The findings suggest that risk adjustment algorithms should expand their psychiatric case mix to prevent potentially misleading consumers and policymakers and aggravating inequities in access for vulnerable populations.
Policymakers and consumers are eager to compare hospitals on performance metrics, such as surgical complications or unplanned readmissions, measured from administrative data. Fair comparisons depend on risk adjustment algorithms that control for differences in case mix.
To examine whether the Medicare Advantage risk adjustment system version 21 (V21) adequately risk adjusts performance metrics for Veterans Affairs (VA) hospitals.
Design, Setting, and Participants
This cohort analysis of administrative data from all 5.5 million veterans who received VA care or VA-purchased care in 2012 was performed from September 8, 2015, to October 22, 2018. Data analysis was performed from January 22, 2016, to October 22, 2018.
A patient’s risk as measured by the V21 model.
Main Outcomes and Measures
The main outcome was total cost, and the key independent variable was the V21 risk score.
Of the 5 472 629 VA patients (mean [SD] age, 63.0 [16.1] years; 5 118 908 [93.5%] male), the V21 model identified 694 706 as having a mental health or substance use condition.

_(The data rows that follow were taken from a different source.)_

(* Let $X \subset \mathbb{R}^n$ be a compact real algebraic set. Then the topological disjoint union $X \sqcup X$ is a boundary; that is, there exist a real algebraic set $W \subset \mathbb{R}^m$ (for some $m$) and a point $w \in W$ such that $X \sqcup X$ is homeomorphic to the link $\operatorname{lk}(w,W)$.
   Context: All algebraic sets are algebraic subsets of real affine space $\mathbb{R}^m$. For a semialgebraic set $W \subset \mathbb{R}^m$ and $w \in W$, let $S(w,\varepsilon)$ denote the sphere of radius $\varepsilon>0$ in $\mathbb{R}^m$ centered at $w$. By the local conic structure lemma, for all sufficiently small $\varepsilon>0$ the topological type of $S(w,\varepsilon)\cap W$ is independent of $\varepsilon$; this space is called the link of $w$ in $W$ and denoted $\operatorname{lk}(w,W)$. A compact real algebraic set $X$ is called a boundary if there exist a real algebraic set $W$ and a point $w\in W$ such that $X$ is homeomorphic to $\operatorname{lk}(w,W)$. *)

theory Defs
  imports "HOL-Analysis.Analysis"
begin

text \<open>Real affine space R^n is represented by the points of type nat \<Rightarrow> real
  all of whose coordinates with index \<ge> n vanish.  On this set the (product)
  topology of nat \<Rightarrow> real restricts to the usual Euclidean topology.\<close>

definition Rspace :: "nat \<Rightarrow> (nat \<Rightarrow> real) set" where
  "Rspace n = {x. \<forall>i\<ge>n. x i = 0}"

inductive_set poly_fun :: "nat \<Rightarrow> ((nat \<Rightarrow> real) \<Rightarrow> real) set" for n :: nat where
  const: "(\<lambda>x. c) \<in> poly_fun n"
| var: "i < n \<Longrightarrow> (\<lambda>x. x i) \<in> poly_fun n"
| add: "p \<in> poly_fun n \<Longrightarrow> q \<in> poly_fun n \<Longrightarrow> (\<lambda>x. p x + q x) \<in> poly_fun n"
| mult: "p \<in> poly_fun n \<Longrightarrow> q \<in> poly_fun n \<Longrightarrow> (\<lambda>x. p x * q x) \<in> poly_fun n"

definition algebraic_set :: "nat \<Rightarrow> (nat \<Rightarrow> real) set \<Rightarrow> bool" where
  "algebraic_set n S \<longleftrightarrow>
     (\<exists>F. finite F \<and> F \<subseteq> poly_fun n \<and> S = {x \<in> Rspace n. \<forall>f\<in>F. f x = 0})"

definition Rsphere :: "nat \<Rightarrow> (nat \<Rightarrow> real) \<Rightarrow> real \<Rightarrow> (nat \<Rightarrow> real) set" where
  "Rsphere n w e = {x \<in> Rspace n. (\<Sum>i<n. (x i - w i)^2) = e^2}"

definition homeomorphic_to_link ::
    "'a topology \<Rightarrow> nat \<Rightarrow> (nat \<Rightarrow> real) set \<Rightarrow> (nat \<Rightarrow> real) \<Rightarrow> bool" where
  "homeomorphic_to_link T m W w \<longleftrightarrow>
     (\<exists>e0>0. \<forall>e. 0 < e \<and> e < e0 \<longrightarrow>
        T homeomorphic_space top_of_set (Rsphere m w e \<inter> W))"

definition double :: "(nat \<Rightarrow> real) set \<Rightarrow> (bool \<times> (nat \<Rightarrow> real)) topology" where
  "double X = sum_topology (\<lambda>_. top_of_set X) (UNIV :: bool set)"

end

theory Submission
  imports Defs
begin

text \<open>Inversion \<open>z \<mapsto> z / |z|\<^sup>2\<close> of \<open>R\<^sup>n\<^sup>+\<^sup>1\<close> sends the cylinder \<open>X \<times> R\<close> to a set whose union
  with the origin is algebraic: its equations arise from \<open>f(z / |z|\<^sup>2) = 0\<close>, \<open>f\<close> an equation
  of \<open>X\<close>, by clearing the denominators.  A small sphere of radius \<open>e\<close> about the origin is
  inverted onto the sphere of radius \<open>1/e\<close>, and since \<open>X\<close> is bounded this large sphere meets
  \<open>X \<times> R\<close> in two disjoint copies of \<open>X\<close>, one in each of the half-spaces \<open>z\<^sub>n > 0\<close> and \<open>z\<^sub>n < 0\<close>.\<close>

definition sqnorm :: "nat \<Rightarrow> (nat \<Rightarrow> real) \<Rightarrow> real" where
  "sqnorm k z = (\<Sum>i<k. (z i)\<^sup>2)"

definition invert :: "nat \<Rightarrow> (nat \<Rightarrow> real) \<Rightarrow> nat \<Rightarrow> real" where
  "invert k z = (\<lambda>i. z i / sqnorm k z)"

definition truncate :: "nat \<Rightarrow> (nat \<Rightarrow> real) \<Rightarrow> nat \<Rightarrow> real" where
  "truncate n z = (\<lambda>i. if i < n then z i else 0)"

lemma sqnorm_Suc: "sqnorm (Suc k) z = sqnorm k z + (z k)\<^sup>2"
  by (simp add: sqnorm_def)

lemma sqnorm_eq_0_iff: "z \<in> Rspace k \<Longrightarrow> sqnorm k z = 0 \<longleftrightarrow> z = (\<lambda>_. 0)"
  unfolding sqnorm_def Rspace_def by (auto simp: sum_nonneg_eq_0_iff fun_eq_iff) (metis lessThan_iff not_le)

lemma truncate_in_Rspace [simp]: "truncate n z \<in> Rspace n"
  by (simp add: truncate_def Rspace_def)

lemma poly_fun_cong:
  assumes "p \<in> poly_fun n" "\<And>i. i < n \<Longrightarrow> x i = y i"
  shows "p x = p y"
  using assms by (induction rule: poly_fun.induct) auto

lemma poly_fun_power: "p \<in> poly_fun k \<Longrightarrow> (\<lambda>z. p z ^ d) \<in> poly_fun k"
proof (induction d)
  case 0
  then show ?case using poly_fun.const[of 1] by simp
next
  case (Suc d)
  then show ?case using poly_fun.mult[of p k "\<lambda>z. p z ^ d"] by simp
qed

lemma sqnorm_poly_fun: "n \<le> k \<Longrightarrow> sqnorm n \<in> poly_fun k"
proof (induction n)
  case 0
  then show ?case using poly_fun.const[of 0] by (simp add: sqnorm_def)
next
  case (Suc n)
  have "(\<lambda>z. sqnorm n z + z n * z n) \<in> poly_fun k"
    using Suc by (intro poly_fun.add poly_fun.mult poly_fun.var) auto
  then show ?case by (simp add: sqnorm_Suc power2_eq_square)
qed

lemma poly_fun_clear_denominators:
  assumes "p \<in> poly_fun n" "q \<in> poly_fun k" "n \<le> k"
  shows "\<exists>d P. P \<in> poly_fun k \<and> (\<forall>z. q z \<noteq> 0 \<longrightarrow> P z = q z ^ d * p (\<lambda>i. z i / q z))"
  using assms(1)
proof (induction rule: poly_fun.induct)
  case (const c)
  show ?case by (intro exI[of _ 0] exI[of _ "\<lambda>z. c"]) (simp add: poly_fun.const)
next
  case (var i)
  then show ?case using assms(3) by (intro exI[of _ 1] exI[of _ "\<lambda>z. z i"]) (simp add: poly_fun.var)
next
  case (add p1 p2)
  then obtain d1 P1 d2 P2 where
      P1: "P1 \<in> poly_fun k" "\<forall>z. q z \<noteq> 0 \<longrightarrow> P1 z = q z ^ d1 * p1 (\<lambda>i. z i / q z)" and
      P2: "P2 \<in> poly_fun k" "\<forall>z. q z \<noteq> 0 \<longrightarrow> P2 z = q z ^ d2 * p2 (\<lambda>i. z i / q z)"
    by blast
  have "(\<lambda>z. q z ^ d2 * P1 z + q z ^ d1 * P2 z) \<in> poly_fun k"
    by (intro poly_fun.add poly_fun.mult poly_fun_power assms(2) P1 P2)
  moreover have "\<forall>z. q z \<noteq> 0 \<longrightarrow> q z ^ d2 * P1 z + q z ^ d1 * P2 z =
      q z ^ (d1 + d2) * (p1 (\<lambda>i. z i / q z) + p2 (\<lambda>i. z i / q z))"
    using P1(2) P2(2) by (simp add: power_add algebra_simps)
  ultimately show ?case by blast
next
  case (mult p1 p2)
  then obtain d1 P1 d2 P2 where
      P1: "P1 \<in> poly_fun k" "\<forall>z. q z \<noteq> 0 \<longrightarrow> P1 z = q z ^ d1 * p1 (\<lambda>i. z i / q z)" and
      P2: "P2 \<in> poly_fun k" "\<forall>z. q z \<noteq> 0 \<longrightarrow> P2 z = q z ^ d2 * p2 (\<lambda>i. z i / q z)"
    by blast
  have "(\<lambda>z. P1 z * P2 z) \<in> poly_fun k"
    by (intro poly_fun.mult P1 P2)
  moreover have "\<forall>z. q z \<noteq> 0 \<longrightarrow> P1 z * P2 z =
      q z ^ (d1 + d2) * (p1 (\<lambda>i. z i / q z) * p2 (\<lambda>i. z i / q z))"
    using P1(2) P2(2) by (simp add: power_add algebra_simps)
  ultimately show ?case by blast
qed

In contrast, a separate classification system for psychiatric comorbidities identified another 1 266 938 patients with a mental health condition. The V21 model missed depression not otherwise specified (396 062 [31.3%]), posttraumatic stress disorder (345 338 [27.3%]), and anxiety (129 808 [10.2%]). Overall, the V21 model underestimated the cost of care by $2314 (6.7%) for every person with a mental health diagnosis.
Conclusions and Relevance
The findings suggest that current aspirations to engender competition by comparing hospital systems may not be appropriate or fair for safety-net hospitals, including the VA hospitals, which treat patients with complex psychiatric illness. Without better risk scores, which is technically possible, outcome comparisons may potentially mislead consumers and policymakers and possibly aggravate inequities in access for such vulnerable populations.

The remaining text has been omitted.